Wednesday, November 6, 2013

Olympic Torch in Space: A Prelude to Space Olympics?



With the Olympic Torch for the 2014 Sochi Winter Olympics in a six-hour sprint to the International Space Station, is this just a prelude for an eventual “Space Olympics”? 

By: Ringo Bones

After blasting off from the Baikonur Cosmodrome in Kazakhstan Russian cosmonaut Mikhail Tyurin, together with NASA astronaut Rick Mastracchio and Koichi Wakata of Japan will be carrying the Olympic Torch slated for the 2014 Sochi Winter Olympics up to the low-Earth orbit of the International Space Station for a first-ever space-walk with the Olympic Torch in a literally out-of-this world venue. Even though the Olympic Torch will be tethered for safety reasons to whomever be carrying it for an EVA (extra-vehicular activity – i.e. space-walk) this Saturday, it would be the first time ever in the history of the Olympic Games that the torch has taken an “out-of-this –world-route” en route to its venue for the opening ceremonies of the next year’s Winter Olympic Games. But will it also signal for a first ever “Space Olympics”? 

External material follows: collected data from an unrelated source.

(* Let $v>0$ and consider the system $$\partial_\xi a=r,\qquad \partial_\xi r=-vr-\frac{sa}{2}+\frac{a|r|}{2},\qquad \partial_\xi s=-vs-ra,$$ and the sets $I_1=\{r>0,\ s=2r\}$, $I_2=\{r>0,\ s=-r\}$, $I_3=\{r<0,\ s=r\}$, $I_4=\{r<0,\ s=-2r\}$ in $\mathbb{R}^3$. Consider the condition (H) $(a,r,s)(-\infty)=(a_0,0,0)$ and $(a,r,s)(+\infty)=(0,0,0)$. (i) There is a unique $a_0\in\mathbb{R}$ for which there exists a solution contained in $I_1$ satisfying (H); moreover $a_0=-4v$. (ii) There is a unique $a_0\in\mathbb{R}$ for which there exists a solution contained in $I_4$ satisfying (H); moreover $a_0=4v$. (iii) There is no solution contained in $I_2$ or in $I_3$ satisfying (H). *)

theory Defs
  imports Complex_Main
begin

definition is_solution :: "real \<Rightarrow> (real \<Rightarrow> real) \<Rightarrow> (real \<Rightarrow> real) \<Rightarrow> (real \<Rightarrow> real) \<Rightarrow> bool" where
  "is_solution v a r s \<longleftrightarrow>
     (\<forall>\<xi>. (a has_real_derivative r \<xi>) (at \<xi>)
        \<and> (r has_real_derivative (- v * r \<xi> - s \<xi> * a \<xi> / 2 + a \<xi> * \<bar>r \<xi>\<bar> / 2)) (at \<xi>)
        \<and> (s has_real_derivative (- v * s \<xi> - r \<xi> * a \<xi>)) (at \<xi>))"

definition I1 :: "(real \<times> real \<times> real) set" where
  "I1 = {(a, r, s). r > 0 \<and> s = 2 * r}"
definition I2 :: "(real \<times> real \<times> real) set" where
  "I2 = {(a, r, s). r > 0 \<and> s = - r}"
definition I3 :: "(real \<times> real \<times> real) set" where
  "I3 = {(a, r, s). r < 0 \<and> s = r}"
definition I4 :: "(real \<times> real \<times> real) set" where
  "I4 = {(a, r, s). r < 0 \<and> s = - 2 * r}"

definition cond_H :: "real \<Rightarrow> (real \<Rightarrow> real) \<Rightarrow> (real \<Rightarrow> real) \<Rightarrow> (real \<Rightarrow> real) \<Rightarrow> bool" where
  "cond_H a0 a r s \<longleftrightarrow>
     (a \<longlongrightarrow> a0) at_bot \<and> (r \<longlongrightarrow> 0) at_bot \<and> (s \<longlongrightarrow> 0) at_bot \<and>
     (a \<longlongrightarrow> 0) at_top \<and> (r \<longlongrightarrow> 0) at_top \<and> (s \<longlongrightarrow> 0) at_top"

definition contained_in :: "(real \<times> real \<times> real) set \<Rightarrow> (real \<Rightarrow> real) \<Rightarrow> (real \<Rightarrow> real) \<Rightarrow> (real \<Rightarrow> real) \<Rightarrow> bool" where
  "contained_in I a r s \<longleftrightarrow> (\<forall>\<xi>. (a \<xi>, r \<xi>, s \<xi>) \<in> I)"

end

theory Submission
  imports Defs "HOL-Real_Asymp.Real_Asymp"
begin

(* On a line s = k r along which r has the constant sign \<sigma>, the equation for r reads
   r' = -(v + q a) r with q = (k - \<sigma>)/2. Since a' = r, the quantity r + v a + q a^2/2 is
   conserved, and comparing its limits at both ends gives a0 (v + q a0/2) = 0. As a is strictly
   monotone with the sign of \<sigma>, also \<sigma> a0 < 0, so a0 = -2v/q = 4v/(\<sigma> - k). This value has the
   required sign on I1 and I4 but not on I2 and I3. Conversely, the lines I1 and I4 are invariant,
   and on them the logistic profile a = a0/(1 + exp (v \<xi>)), r = a' is a solution. *)

lemma limit_at_bot_less_limit_at_top_of_deriv_pos:
  fixes f f' :: "real \<Rightarrow> real"
  assumes deriv: "\<And>x. (f has_real_derivative f' x) (at x)"
    and pos: "\<And>x. f' x > 0"
    and bot: "(f \<longlongrightarrow> l) at_bot" and top: "(f \<longlongrightarrow> u) at_top"
  shows "l < u"
proof -
  have less: "f x < f y" if "x < y" for x y
    using DERIV_pos_imp_increasing[OF that] deriv pos by blast
  have "l \<le> f 0"
    using tendsto_upperbound[OF bot] eventually_le_at_bot[of 0] less
    by (smt (verit) eventually_mono trivial_limit_at_bot_linorder)
  also have "f 0 < f 1"
    using less by simp
  also have "f 1 \<le> u"
    using tendsto_lowerbound[OF top] eventually_ge_at_top[of 1] less
    by (smt (verit) eventually_mono trivial_limit_at_top_linorder)
  finally show ?thesis .
qed

lemma limit_at_bot_eq_limit_at_top_of_deriv_zero:
  fixes f :: "real \<Rightarrow> real"
  assumes deriv: "\<And>x. (f has_real_derivative 0) (at x)"
    and bot: "(f \<longlongrightarrow> l) at_bot" and top: "(f \<longlongrightarrow> u) at_top"
  shows "l = u"
proof -
  have "f = (\<lambda>_. f 0)"
    using DERIV_isconst_all deriv by blast
  then show ?thesis
    using bot top tendsto_const_iff[OF trivial_limit_at_bot_linorder]
      tendsto_const_iff[OF trivial_limit_at_top_linorder] by metis
qed

lemma first_integral_limits:
  fixes a r :: "real \<Rightarrow> real"
  assumes da: "\<And>x. (a has_real_derivative r x) (at x)"
    and dr: "\<And>x. (r has_real_derivative - (p + q * a x) * r x) (at x)"
    and "(a \<longlongrightarrow> a0) at_bot" "(r \<longlongrightarrow> 0) at_bot"
    and "(a \<longlongrightarrow> a1) at_top" "(r \<longlongrightarrow> 0) at_top"
  shows "p * a0 + q / 2 * a0\<^sup>2 = p * a1 + q / 2 * a1\<^sup>2"
proof -
  define F where "F x = r x + p * a x + q / 2 * (a x)\<^sup>2" for x
  have "(F has_real_derivative 0) (at x)" for x
  proof -
    have "(F has_real_derivative - (p + q * a x) * r x + p * r x + q / 2 * (2 * a x * r x)) (at x)"
      unfolding F_def by (rule derivative_eq_intros da dr refl | simp)+
    then show ?thesis
      by (simp add: algebra_simps)
  qed
  moreover have "(F \<longlongrightarrow> 0 + p * a0 + q / 2 * a0\<^sup>2) at_bot" "(F \<longlongrightarrow> 0 + p * a1 + q / 2 * a1\<^sup>2) at_top"
    unfolding F_def by (intro tendsto_intros assms)+
  ultimately show ?thesis
    using limit_at_bot_eq_limit_at_top_of_deriv_zero[of F] by simp
qed

lemma r_equation_on_line:
  fixes a r v k \<sigma> :: real
  assumes "\<bar>\<sigma>\<bar> = 1" "\<sigma> * r > 0"
  shows "- v * r - k * r * a / 2 + a * \<bar>r\<bar> / 2 = - (v + (k - \<sigma>) / 2 * a) * r"
proof -
  have "\<bar>r\<bar> = \<sigma> * r"
    using assms by (smt (verit) mult_cancel_right1 mult_minus_left)
  then show ?thesis
    by (simp add: field_simps)
qed

lemma cond_H_on_line_imp_limit:
  assumes sol: "is_solution v a r s"
    and sign: "\<bar>\<sigma>\<bar> = 1" "\<And>x. \<sigma> * r x > 0"
    and line: "\<And>x. s x = k * r x"
    and "k \<noteq> \<sigma>"
    and H: "cond_H a0 a r s"
  shows "a0 = 4 * v / (\<sigma> - k) \<and> \<sigma> * a0 < 0"
proof -
  have da: "(a has_real_derivative r x) (at x)" for x
    using sol by (simp add: is_solution_def)
  have "- v * r x - s x * a x / 2 + a x * \<bar>r x\<bar> / 2 = - (v + (k - \<sigma>) / 2 * a x) * r x" for x
    unfolding line using r_equation_on_line[OF sign] .
  then have dr: "(r has_real_derivative - (v + (k - \<sigma>) / 2 * a x) * r x) (at x)" for x
    using sol by (metis is_solution_def)
  have lim: "(a \<longlongrightarrow> a0) at_bot" "(r \<longlongrightarrow> 0) at_bot" "(a \<longlongrightarrow> 0) at_top" "(r \<longlongrightarrow> 0) at_top"
    using H by (simp_all add: cond_H_def)
  have "v * a0 + (k - \<sigma>) / 2 / 2 * a0\<^sup>2 = 0"
    using first_integral_limits[OF da dr lim] by simp
  moreover have "\<sigma> * a0 < \<sigma> * 0"
  proof (rule limit_at_bot_less_limit_at_top_of_deriv_pos)
    show "((\<lambda>x. \<sigma> * a x) has_real_derivative \<sigma> * r x) (at x)" for x
      using da by (rule DERIV_cmult)
    show "((\<lambda>x. \<sigma> * a x) \<longlongrightarrow> \<sigma> * a0) at_bot"
      using lim(1) by (rule tendsto_mult_left)
    show "((\<lambda>x. \<sigma> * a x) \<longlongrightarrow> \<sigma> * 0) at_top"
      using lim(3) by (rule tendsto_mult_left)
  qed (use sign in auto)
  ultimately have "a0 * (v + (k - \<sigma>) / 4 * a0) = 0" "a0 \<noteq> 0"
    by (auto simp: power2_eq_square algebra_simps)
  then have "v + (k - \<sigma>) / 4 * a0 = 0"
    by simp
  then show ?thesis
    using \<open>k \<noteq> \<sigma>\<close> \<open>\<sigma> * a0 < \<sigma> * 0\<close> by (auto simp: field_simps)
qed

lemma logistic_has_real_derivative:
  fixes c v :: real
  defines "a \<equiv> \<lambda>x. c / (1 + exp (v * x))"
  shows "(a has_real_derivative v * a x * (a x / c - 1)) (at x)"
proof -
  define e where "e = exp (v * x)"
  have pos: "1 + e > 0"
    unfolding e_def by (smt (verit) exp_gt_zero)
  have "(a has_real_derivative - (c * (e * v)) / (1 + e)\<^sup>2) (at x)"
    unfolding a_def e_def using pos[unfolded e_def]
    by (auto intro!: derivative_eq_intros simp: power2_eq_square)
  moreover have "- (c * (e * v)) / (1 + e)\<^sup>2 = v * a x * (a x / c - 1)"
  proof (cases "c = 0")
    case False
    then have "v * a x * (a x / c - 1) = v * (c / (1 + e)) * (1 / (1 + e) - 1)"
      by (simp add: a_def e_def)
    also have "\<dots> = - (c * (e * v)) / (1 + e)\<^sup>2"
      using pos by (simp add: field_simps power2_eq_square)
    finally show ?thesis ..
  qed (simp add: a_def)
  ultimately show ?thesis
    by simp
qed

lemma logistic_limits:
  fixes c v :: real
  assumes "v > 0"
  shows "((\<lambda>x. c / (1 + exp (v * x))) \<longlongrightarrow> c) at_bot"
    and "((\<lambda>x. c / (1 + exp (v * x))) \<longlongrightarrow> 0) at_top"
  using assms by real_asymp+

lemma logistic_heteroclinic:
  fixes v a0 :: real
  assumes v: "v > 0" and a0: "a0 \<noteq> 0"
    and a_def: "\<And>x. a x = a0 / (1 + exp (v * x))"
    and r_def: "\<And>x. r x = v * a x * (a x / a0 - 1)"
  shows "(a has_real_derivative r x) (at x)"
    and "(r has_real_derivative - (v - 2 * v / a0 * a x) * r x) (at x)"
    and "a0 * r x < 0"
    and "(a \<longlongrightarrow> a0) at_bot" "(r \<longlongrightarrow> 0) at_bot"
    and "(a \<longlongrightarrow> 0) at_top" "(r \<longlongrightarrow> 0) at_top"
proof -
  have "a = (\<lambda>x. a0 / (1 + exp (v * x)))"
    using a_def by auto
  then show da: "(a has_real_derivative r x) (at x)" for x
    using logistic_has_real_derivative[of a0 v x] by (simp add: r_def)
  have "((\<lambda>x. v / a0 * (a x)\<^sup>2 - v * a x) has_real_derivative v / a0 * (2 * a x * r x) - v * r x) (at x)"
    using a0 by (auto intro!: derivative_eq_intros da)
  moreover have "(\<lambda>x. v / a0 * (a x)\<^sup>2 - v * a x) = r"
    using a0 by (auto simp: r_def field_simps power2_eq_square)
  moreover have "v / a0 * (2 * a x * r x) - v * r x = - (v - 2 * v / a0 * a x) * r x"
    by (simp add: algebra_simps)
  ultimately show "(r has_real_derivative - (v - 2 * v / a0 * a x) * r x) (at x)"
    by metis
  have "a0 * a x = a0\<^sup>2 / (1 + exp (v * x))"
    by (simp add: a_def power2_eq_square)
  also have "\<dots> > 0"
    using a0 by (simp add: add_pos_pos)
  finally have "a0 * a x > 0" .
  moreover have "a x / a0 < 1"
    using a0 by (simp add: a_def add_pos_pos)
  moreover have "a0 * r x = v * (a0 * a x) * (a x / a0 - 1)"
    by (simp add: r_def mult_ac)
  ultimately show "a0 * r x < 0"
    using v by (metis diff_less_0_iff_less mult_pos_neg mult_pos_pos)
  show a_bot: "(a \<longlongrightarrow> a0) at_bot" and a_top: "(a \<longlongrightarrow> 0) at_top"
    using logistic_limits[OF v] \<open>a = _\<close> by simp_all
  have "(r \<longlongrightarrow> v * a0 * (a0 / a0 - 1)) at_bot" "(r \<longlongrightarrow> v * 0 * (0 / a0 - 1)) at_top"
    unfolding r_def by (intro tendsto_intros a_bot a_top; simp add: a0)+
  then show "(r \<longlongrightarrow> 0) at_bot" "(r \<longlongrightarrow> 0) at_top"
    using a0 by simp_all
qed

lemma heteroclinic_on_line_exists:
  assumes v: "v > 0"
    and sign: "\<bar>\<sigma>\<bar> = 1" "\<sigma> * (\<sigma> - k) < 0"
    and invariant: "k * (k - \<sigma>) = 2"
  shows "\<exists>a r. is_solution v a r (\<lambda>x. k * r x) \<and> (\<forall>x. \<sigma> * r x > 0)
    \<and> cond_H (4 * v / (\<sigma> - k)) a r (\<lambda>x. k * r x)"
proof -
  define a0 where "a0 = 4 * v / (\<sigma> - k)"
  define a where "a x = a0 / (1 + exp (v * x))" for x
  define r where "r x = v * a x * (a x / a0 - 1)" for x
  have "k \<noteq> \<sigma>"
    using sign by auto
  have "\<sigma> / (\<sigma> - k) < 0"
    using sign(2) by (simp add: divide_less_0_iff mult_less_0_iff)
  moreover have "\<sigma> * a0 = 4 * v * (\<sigma> / (\<sigma> - k))"
    by (simp add: a0_def)
  ultimately have "\<sigma> * a0 < 0"
    using v by (metis mult_pos_neg zero_less_mult_iff zero_less_numeral)
  then have "a0 \<noteq> 0"
    by auto
  have "2 * v / a0 = (\<sigma> - k) / 2"
    using v \<open>k \<noteq> \<sigma>\<close> by (simp add: a0_def field_simps)
  note logistic = logistic_heteroclinic[OF v \<open>a0 \<noteq> 0\<close> a_def r_def, unfolded this]
  have r_sign: "\<sigma> * r x > 0" for x
  proof -
    have "a0\<^sup>2 * (\<sigma> * r x) = (\<sigma> * a0) * (a0 * r x)"
      by (simp add: power2_eq_square mult_ac)
    also have "\<dots> > 0"
      using \<open>\<sigma> * a0 < 0\<close> logistic(3) by (rule mult_neg_neg)
    finally show ?thesis
      using \<open>a0 \<noteq> 0\<close> by (simp add: zero_less_mult_iff)
  qed
  have dr: "(r has_real_derivative - (v + (k - \<sigma>) / 2 * a x) * r x) (at x)" for x
  proof -
    have "- (v - (\<sigma> - k) / 2 * a x) * r x = - (v + (k - \<sigma>) / 2 * a x) * r x"
      by (simp add: field_simps)
    then show ?thesis
      using logistic(2)[of x] by metis
  qed
  have "is_solution v a r (\<lambda>x. k * r x)"
    unfolding is_solution_def
  proof (intro allI conjI logistic(1))
    fix x
    show "(r has_real_derivative - v * r x - k * r x * a x / 2 + a x * \<bar>r x\<bar> / 2) (at x)"
      unfolding r_equation_on_line[OF sign(1) r_sign] by (rule dr)
    have "k * (- (v + (k - \<sigma>) / 2 * a x) * r x) = - v * (k * r x) - k * (k - \<sigma>) / 2 * r x * a x"
      by (simp add: algebra_simps)
    then show "((\<lambda>x. k * r x) has_real_derivative - v * (k * r x) - r x * a x) (at x)"
      using DERIV_cmult[OF dr[of x], of k] invariant by simp
  qed
  moreover have "cond_H a0 a r (\<lambda>x. k * r x)"
    using logistic(4-7) tendsto_mult_left[of r 0] by (simp add: cond_H_def)
  ultimately show ?thesis
    using r_sign unfolding a0_def by blast
qed

theorem lemma6:
  fixes v :: real
  assumes "v > 0"
  shows "({a0. \<exists>a r s. is_solution v a r s \<and> contained_in I1 a r s \<and> cond_H a0 a r s} = {- 4 * v})
    \<and> ({a0. \<exists>a r s. is_solution v a r s \<and> contained_in I4 a r s \<and> cond_H a0 a r s} = {4 * v})
    \<and> \<not> (\<exists>a0 a r s. is_solution v a r s \<and> contained_in I2 a r s \<and> cond_H a0 a r s)
    \<and> \<not> (\<exists>a0 a r s. is_solution v a r s \<and> contained_in I3 a r s \<and> cond_H a0 a r s)"
proof -
  have I1: "a0 = - 4 * v" if "is_solution v a r s" "contained_in I1 a r s" "cond_H a0 a r s" for a0 a r s
    using cond_H_on_line_imp_limit[of v a r s 1 2 a0] that by (auto simp: contained_in_def I1_def)
  have I2: False if "is_solution v a r s" "contained_in I2 a r s" "cond_H a0 a r s" for a0 a r s
    using cond_H_on_line_imp_limit[of v a r s 1 "-1" a0] that \<open>v > 0\<close> by (auto simp: contained_in_def I2_def)
  have I3: False if "is_solution v a r s" "contained_in I3 a r s" "cond_H a0 a r s" for a0 a r s
    using cond_H_on_line_imp_limit[of v a r s "-1" 1 a0] that \<open>v > 0\<close> by (auto simp: contained_in_def I3_def)
  have I4: "a0 = 4 * v" if "is_solution v a r s" "contained_in I4 a r s" "cond_H a0 a r s" for a0 a r s
    using cond_H_on_line_imp_limit[of v a r s "-1" "-2" a0] that by (auto simp: contained_in_def I4_def)
  have "\<exists>a r s. is_solution v a r s \<and> contained_in I1 a r s \<and> cond_H (- 4 * v) a r s"
    using heteroclinic_on_line_exists[OF \<open>v > 0\<close>, of 1 2] by (auto simp: contained_in_def I1_def)
  moreover have "\<exists>a r s. is_solution v a r s \<and> contained_in I4 a r s \<and> cond_H (4 * v) a r s"
    using heteroclinic_on_line_exists[OF \<open>v > 0\<close>, of "-1" "-2"] by (auto simp: contained_in_def I4_def)
  ultimately show ?thesis
    using I1 I2 I3 I4 by blast
qed

end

Imagine new legitimate Olympic events like “Weightless Rhythmic Gymnastics” of “Weightless Wrestling” or any other Olympic games performed in the weightless environment of low Earth orbit like that of the International Space Station. Would the launching of the Olympic torch for a space-walk eventually inspire the beginnings of the “Space Olympiad”?